Откуда ни возьмись, через дорогу прыгнул заяц. Возница размашисто крестится.
– К беде, барин. Господь знак подаёт.
Опять заяц, то ли вернулся прежний, то ли другой. Возница крестится снова. Пушкин смотрит вслед раздумчиво и с досадой.
– Вертать надо, барин, – исподлобья глянув, хмуро говорит возница – не к чему судьбу пытать.
Пушкин молчит некоторое время.
– Поворачивай, – махнул он рукой. – Чайный погребец к тому же забыли, опять к худу…
– К худу, к худу, барин, – облегчённо частит возница и бойко уже правит вожжей обратно.
– Н-но, касатка… Э-эх, уходи девки с дороги, женихи с бабьей радостью едут! – издалека слышна и глохнет в свисте ветра кучерская прибаутка.
Возок тает в широком просторе, как за стеклом, небрежно измазанным белою глиной…
Петербург. 8 сентября 1825 года. Николаевский дворец. 4 часа пополудни
На улице мелкий московский осенний дождь. Сыро и мерзко. Площадь перед дворцом пустынна. Ветер гонит по ней мятые, как изношенные банкноты, а то и круглые, как золотые монеты, листья. Тусклое мокрое сияние на гранях брусчатки.

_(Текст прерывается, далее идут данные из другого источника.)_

(* Let $t$ and $n$ be positive integers. (1) If $t+2\equiv 0 \pmod 6$ and $t+2$ divides $n$, then $ex_3(n,Tr(K_{1,t}))=\frac{n}{6}(t^2-2)$. (2) If $t+2\equiv 1$ or $3 \pmod 6$ and $t+2$ divides $n$, then $ex_3(n,Tr(K_{1,t}))=\frac{n}{6}(t^2-1)$.
   Context: For a graph $F$ with vertex set $\{v_1,\dots,v_p\}$ and edge set $\{e_1,\dots,e_q\}$, a hypergraph $\mathcal{H}$ contains $F$ as a trace if there exist distinct vertices $w_1,\dots,w_p\in V(\mathcal{H})$ and distinct edges $f_1,\dots,f_q\in E(\mathcal{H})$ such that whenever $e_i=v_\alpha v_\beta$, we have $f_i\cap\{w_1,\dots,w_p\}=\{w_\alpha,w_\beta\}$. For $r\ge 2$, $ex_r(n,Tr(F))$ denotes the maximum number of edges of an $n$-vertex $r$-uniform hypergraph that does not contain $F$ as a trace. $K_{1,t}$ is the star with $t$ edges. *)

theory Defs
  imports Complex_Main
begin

text \<open>A graph F is given by a vertex set VF and an edge set EF (2-element subsets of VF).\<close>
definition contains_trace :: "'a set set \<Rightarrow> 'v set \<Rightarrow> 'v set set \<Rightarrow> bool" where
  "contains_trace H VF EF \<longleftrightarrow>
     (\<exists>w f. inj_on w VF \<and> inj_on f EF \<and>
        (\<forall>e\<in>EF. f e \<in> H \<and> f e \<inter> w ` VF = w ` e))"

definition uniform_hypergraph :: "nat \<Rightarrow> nat \<Rightarrow> nat set set \<Rightarrow> bool" where
  "uniform_hypergraph n r H \<longleftrightarrow> (\<forall>e\<in>H. e \<subseteq> {0..<n} \<and> card e = r)"

definition ex_trace :: "nat \<Rightarrow> nat \<Rightarrow> 'v set \<Rightarrow> 'v set set \<Rightarrow> nat" where
  "ex_trace r n VF EF =
     Max {card H | H. uniform_hypergraph n r H \<and> \<not> contains_trace H VF EF}"

definition star_V :: "nat \<Rightarrow> nat set" where
  "star_V t = {0..t}"
definition star_E :: "nat \<Rightarrow> nat set set" where
  "star_E t = {{0, i} | i. i \<in> {1..t}}"

end

theory Submission
  imports Defs "HOL-Library.Ramsey"
begin

(*
  If a 3-graph H has no trace of K_{1,t}, then for every vertex c the link graph
  of c has no set U of t vertices each of which has a link neighbour outside U: the vertex c,
  the set U and one such edge per vertex of U would form a trace. In a graph in which all such
  escaping sets have at most m vertices the degree sum is at most m(m + 2), so every vertex
  lies in at most (t^2 - 1)/2 edges, and in at most (t^2 - 2)/2 edges when t is even.

  Cut the vertex set into blocks of size t + 2 and take, inside every block, all
  triples except those of a family R of triples covering every pair. A trace centred at c
  stays inside the block of c, where exactly one vertex y lies outside U and c; then {c, u, y}
  is an edge for every u in U, but the pair {c, y} lies in a removed triple {c, y, u}. With
  Steiner triple systems (Bose's construction for t + 2 = 3 mod 6, Skolem's for t + 2 = 1
  mod 6) and a covering by (t + 2)^2/6 triples for t + 2 = 0 mod 6 the two bounds agree.
*)

lemma sum_card_filter_swap:
  assumes "finite A" "finite B"
  shows "(\<Sum>a\<in>A. card {b\<in>B. P a b}) = (\<Sum>b\<in>B. card {a\<in>A. P a b})"
proof -
  have "(\<Sum>a\<in>A. card {b\<in>B. P a b}) = (\<Sum>a\<in>A. \<Sum>b\<in>B. if P a b then 1 else 0)"
    using assms(2) by (simp add: sum.If_cases Int_def)
  also have "\<dots> = (\<Sum>b\<in>B. \<Sum>a\<in>A. if P a b then 1 else 0)"
    by (rule sum.swap)
  also have "\<dots> = (\<Sum>b\<in>B. card {a\<in>A. P a b})"
    using assms(1) by (simp add: sum.If_cases Int_def)
  finally show ?thesis .
qed

definition degree :: "('a \<Rightarrow> 'a \<Rightarrow> bool) \<Rightarrow> 'a set \<Rightarrow> 'a \<Rightarrow> nat" where
  "degree adj V x = card {y\<in>V. adj x y}"

definition escaping :: "('a \<Rightarrow> 'a \<Rightarrow> bool) \<Rightarrow> 'a set \<Rightarrow> 'a set \<Rightarrow> bool" where
  "escaping adj V U \<longleftrightarrow> U \<subseteq> V \<and> (\<forall>u\<in>U. \<exists>x\<in>V - U. adj u x)"

lemma escaping_subset: "escaping adj V U \<Longrightarrow> U' \<subseteq> U \<Longrightarrow> escaping adj V U'"
  unfolding escaping_def by blast

lemma escaping_neighbourhood:
  "symp adj \<Longrightarrow> irreflp adj \<Longrightarrow> v \<in> V \<Longrightarrow> escaping adj V {y\<in>V. adj v y}"
  unfolding escaping_def symp_def irreflp_def by blast

lemma escaping_card_le_remainder:
  assumes "symp adj" "irreflp adj" "finite V" "v \<in> V"
    and bound: "\<And>U. escaping adj V U \<Longrightarrow> card U \<le> m"
    and U: "escaping adj (V - insert v {y\<in>V. adj v y}) U"
  shows "card U \<le> m - card {y\<in>V. adj v y}"
proof -
  let ?A = "{y\<in>V. adj v y}"
  have "escaping adj V (U \<union> ?A)"
    using assms(1,2,4) U unfolding escaping_def symp_def irreflp_def by blast
  then have "card (U \<union> ?A) \<le> m"
    by (rule bound)
  moreover have "card (U \<union> ?A) = card U + card ?A"
    using U \<open>finite V\<close> by (intro card_Un_disjoint) (auto simp: escaping_def intro: finite_subset)
  ultimately show ?thesis
    by simp
qed

lemma degree_remainder_le:
  assumes "symp adj" "irreflp adj" "finite V" "v \<in> V"
    and bound: "\<And>U. escaping adj V U \<Longrightarrow> card U \<le> m"
    and a: "a \<in> {y\<in>V. adj v y}"
  shows "degree adj (V - insert v {y\<in>V. adj v y}) a \<le> m + 1 - card {y\<in>V. adj v y}"
proof -
  let ?A = "{y\<in>V. adj v y}"
  let ?N = "{x\<in>V - insert v ?A. adj a x}"
  have "escaping adj V (?A - {a} \<union> ?N)"
    using assms(1,2,4) a unfolding escaping_def symp_def irreflp_def by blast
  then have "card (?A - {a} \<union> ?N) \<le> m"
    by (rule bound)
  moreover have "card (?A - {a} \<union> ?N) = card ?A - 1 + card ?N"
    using a \<open>finite V\<close> by (subst card_Un_disjoint) auto
  moreover have "card ?A \<ge> 1"
    using a \<open>finite V\<close> card_gt_0_iff[of ?A] by fastforce
  ultimately show ?thesis
    by (simp add: degree_def)
qed

lemma sum_degree_split:
  assumes "symp adj" "irreflp adj" "finite V" "v \<in> V"
  defines "A \<equiv> {y\<in>V. adj v y}" and "B \<equiv> V - insert v {y\<in>V. adj v y}"
  shows "(\<Sum>x\<in>V. degree adj V x)
    = degree adj V v + (\<Sum>x\<in>A. degree adj V x) + (\<Sum>x\<in>B. degree adj B x) + (\<Sum>a\<in>A. degree adj B a)"
proof -
  have fin: "finite A" "finite B"
    using \<open>finite V\<close> by (simp_all add: A_def B_def)
  have "v \<notin> A"
    using \<open>irreflp adj\<close> by (simp add: A_def irreflp_def)
  then have "V = insert v (A \<union> B)" "v \<notin> A \<union> B" "A \<inter> B = {}"
    using \<open>v \<in> V\<close> by (auto simp: A_def B_def)
  then have "(\<Sum>x\<in>V. degree adj V x) = degree adj V v + (\<Sum>x\<in>A. degree adj V x) + (\<Sum>x\<in>B. degree adj V x)"
    using fin by (simp add: sum.union_disjoint)
  moreover have "degree adj V x = degree adj B x + card {a\<in>A. adj x a}" if "x \<in> B" for x
  proof -
    have "{y\<in>V. adj x y} = {y\<in>B. adj x y} \<union> {a\<in>A. adj x a}"
      using that \<open>symp adj\<close> by (auto simp: A_def B_def symp_def)
    moreover have "card ({y\<in>B. adj x y} \<union> {a\<in>A. adj x a}) = degree adj B x + card {a\<in>A. adj x a}"
      unfolding degree_def using \<open>finite V\<close> by (intro card_Un_disjoint) (auto simp: A_def B_def)
    ultimately show ?thesis
      by (simp add: degree_def)
  qed
  then have "(\<Sum>x\<in>B. degree adj V x) = (\<Sum>x\<in>B. degree adj B x) + (\<Sum>x\<in>B. card {a\<in>A. adj x a})"
    by (simp add: sum.distrib)
  moreover have "(\<Sum>x\<in>B. card {a\<in>A. adj x a}) = (\<Sum>a\<in>A. degree adj B a)"
  proof -
    have "{x\<in>B. adj x a} = {x\<in>B. adj a x}" for a
      using \<open>symp adj\<close> by (auto dest: sympD)
    then show ?thesis
      using sum_card_filter_swap[OF fin(2,1), of "\<lambda>x a. adj x a"] by (simp add: degree_def)
  qed
  ultimately show ?thesis
    by simp
qed
(* For $n\ge1$, $\beta>0$ and $h\in\mathbb{R}$, let $\sigma=(\sigma_1,\dots,\sigma_n)\in\{-1,1\}^n$ have law \[ \mathbb{P}(\sigma)=Z^{-1}\exp\Bigl\{\frac{\beta}{n}\sum_{i<j}\sigma_i\sigma_j+h\sum_i\sigma_i\Bigr\}, \] with $Z$ the normalizing constant, let $W=\sum_{i=1}^n\sigma_i$, and let $\delta=\delta(n)=(1-(-1)^n)/2$. If $0<\beta<1$ and $h=0$, there is a constant $C$ depending only on $\beta$ such that for all $n$, \[ d_{\mathrm{loc}}\Bigl(\mathcal{L}\bigl(\tfrac{W+\delta}{2}\bigr),\mathrm{TP}\bigl(0,\tfrac{n}{4(1-\beta)}\bigr)\Bigr)\le Cn^{-3/4},\qquad d_{\mathrm{TV}}\Bigl(\mathcal{L}\bigl(\tfrac{W+\delta}{2}\bigr),\mathrm{TP}\bigl(0,\tfrac{n}{4(1-\beta)}\bigr)\Bigr)\le Cn^{-1/3}. \] If $0<\beta<1$ and $h\in\mathbb{R}$, and $m_0$ is the unique solution of $m=\tanh(\beta m+h)$, then as $n\to\infty$, \[ d_{\mathrm{loc}}\Bigl(\mathcal{L}\bigl(\tfrac{W+\delta}{2}\bigr),\mathrm{TP}\Bigl(\tfrac{nm_0}{2},\tfrac{n(1-m_0^2)}{4(1-\beta+\beta m_0^2)}\Bigr)\Bigr)=o(n^{-1/2}). \]
   Context: For integer-supported laws with distribution functions $F,G$ (where $F(j)=\mathbb{P}[X\le j]$), $d_{\mathrm{loc}}(F,G)=\sup_{j\in\mathbb{Z}}|\Delta F(j)-\Delta G(j)|$ and $d_{\mathrm{TV}}(F,G)=\frac12\sum_{j\in\mathbb{Z}}|\Delta F(j)-\Delta G(j)|$, where $\Delta F(j)=F(j+1)-F(j)$. Translated Poisson: for $\mu\in\mathbb{R}$, $s^2>0$, $Z\sim\mathrm{TP}(\mu,s^2)$ means $Z-\lfloor\mu-s^2\rfloor\sim\mathrm{Po}(s^2+\gamma)$ with $\gamma=\mu-s^2-\lfloor\mu-s^2\rfloor$. Note $(W+\delta)/2$ is integer valued. *)

theory Defs
  imports "HOL-Analysis.Analysis" "HOL-Library.Landau_Symbols"
begin

definition cw_configs :: "nat \<Rightarrow> int list set" where
  "cw_configs n = {xs. length xs = n \<and> set xs \<subseteq> {-1, 1}}"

Гулкий и скорый цокот копыт. Колёсный обод отсвечивает старым серебром.
Из кареты довольно поспешно выходят двое – Пушкин и дворцовый дежурный, генерал Потапов.
В лице, в одежде, во всем облике Пушкина – только что проделанная долгая круглосуточная дорога. Он помят, небрит, забрызган грязью. Костюм его путевой. Отсыревшие от дорожной бессонницы, с красными набухшими прожилками на белках, глаза.
– Что ж меня пред очи царя в таком каторжном виде. Да поди и псиной от меня несет… Неделю, чай, на рысях. Не раздевался…
– Так велено. Государь ждёт. Велено доставить немедля.
Дворцовые лестничные марши. Свечи. Золотые брызги на канделябрах, на лепнине. Ангелы на плафонах. Тени по стенам, то отстающие, то забегающие вперёд. Тяжкое неразмашистое, будто каменное движение отворяющихся неохватных дверей. Сверху фигуры Пушкина и Потапова мелки, ничтожны.
Государь Николай Павлович величествен привычными, впитанными, въевшимися в кровь нечеловеческими ужимками. Он напоминает несколько оживший кумир, ритуальный истукан. Столько неземной размеренности, величавой медлительности в его движениях.
В кабинете – скрадывающий детали, возвышенный и таинственный сумрак.
В огромном камине пылают, потрескивая, осиновые дрова.
– Здравствуй, Пушкин. Доволен ли ты своим возвращением?
– Доволен, Ваше Величество.
– Брат мой, покойный император, послал тебя на жительство в деревню. Отныне я освобождаю тебя от этого наказания…
– Благодарю, Государь…
– Однако, есть у меня одно условие, тебе пора бы уже перестать обижать моё правительство.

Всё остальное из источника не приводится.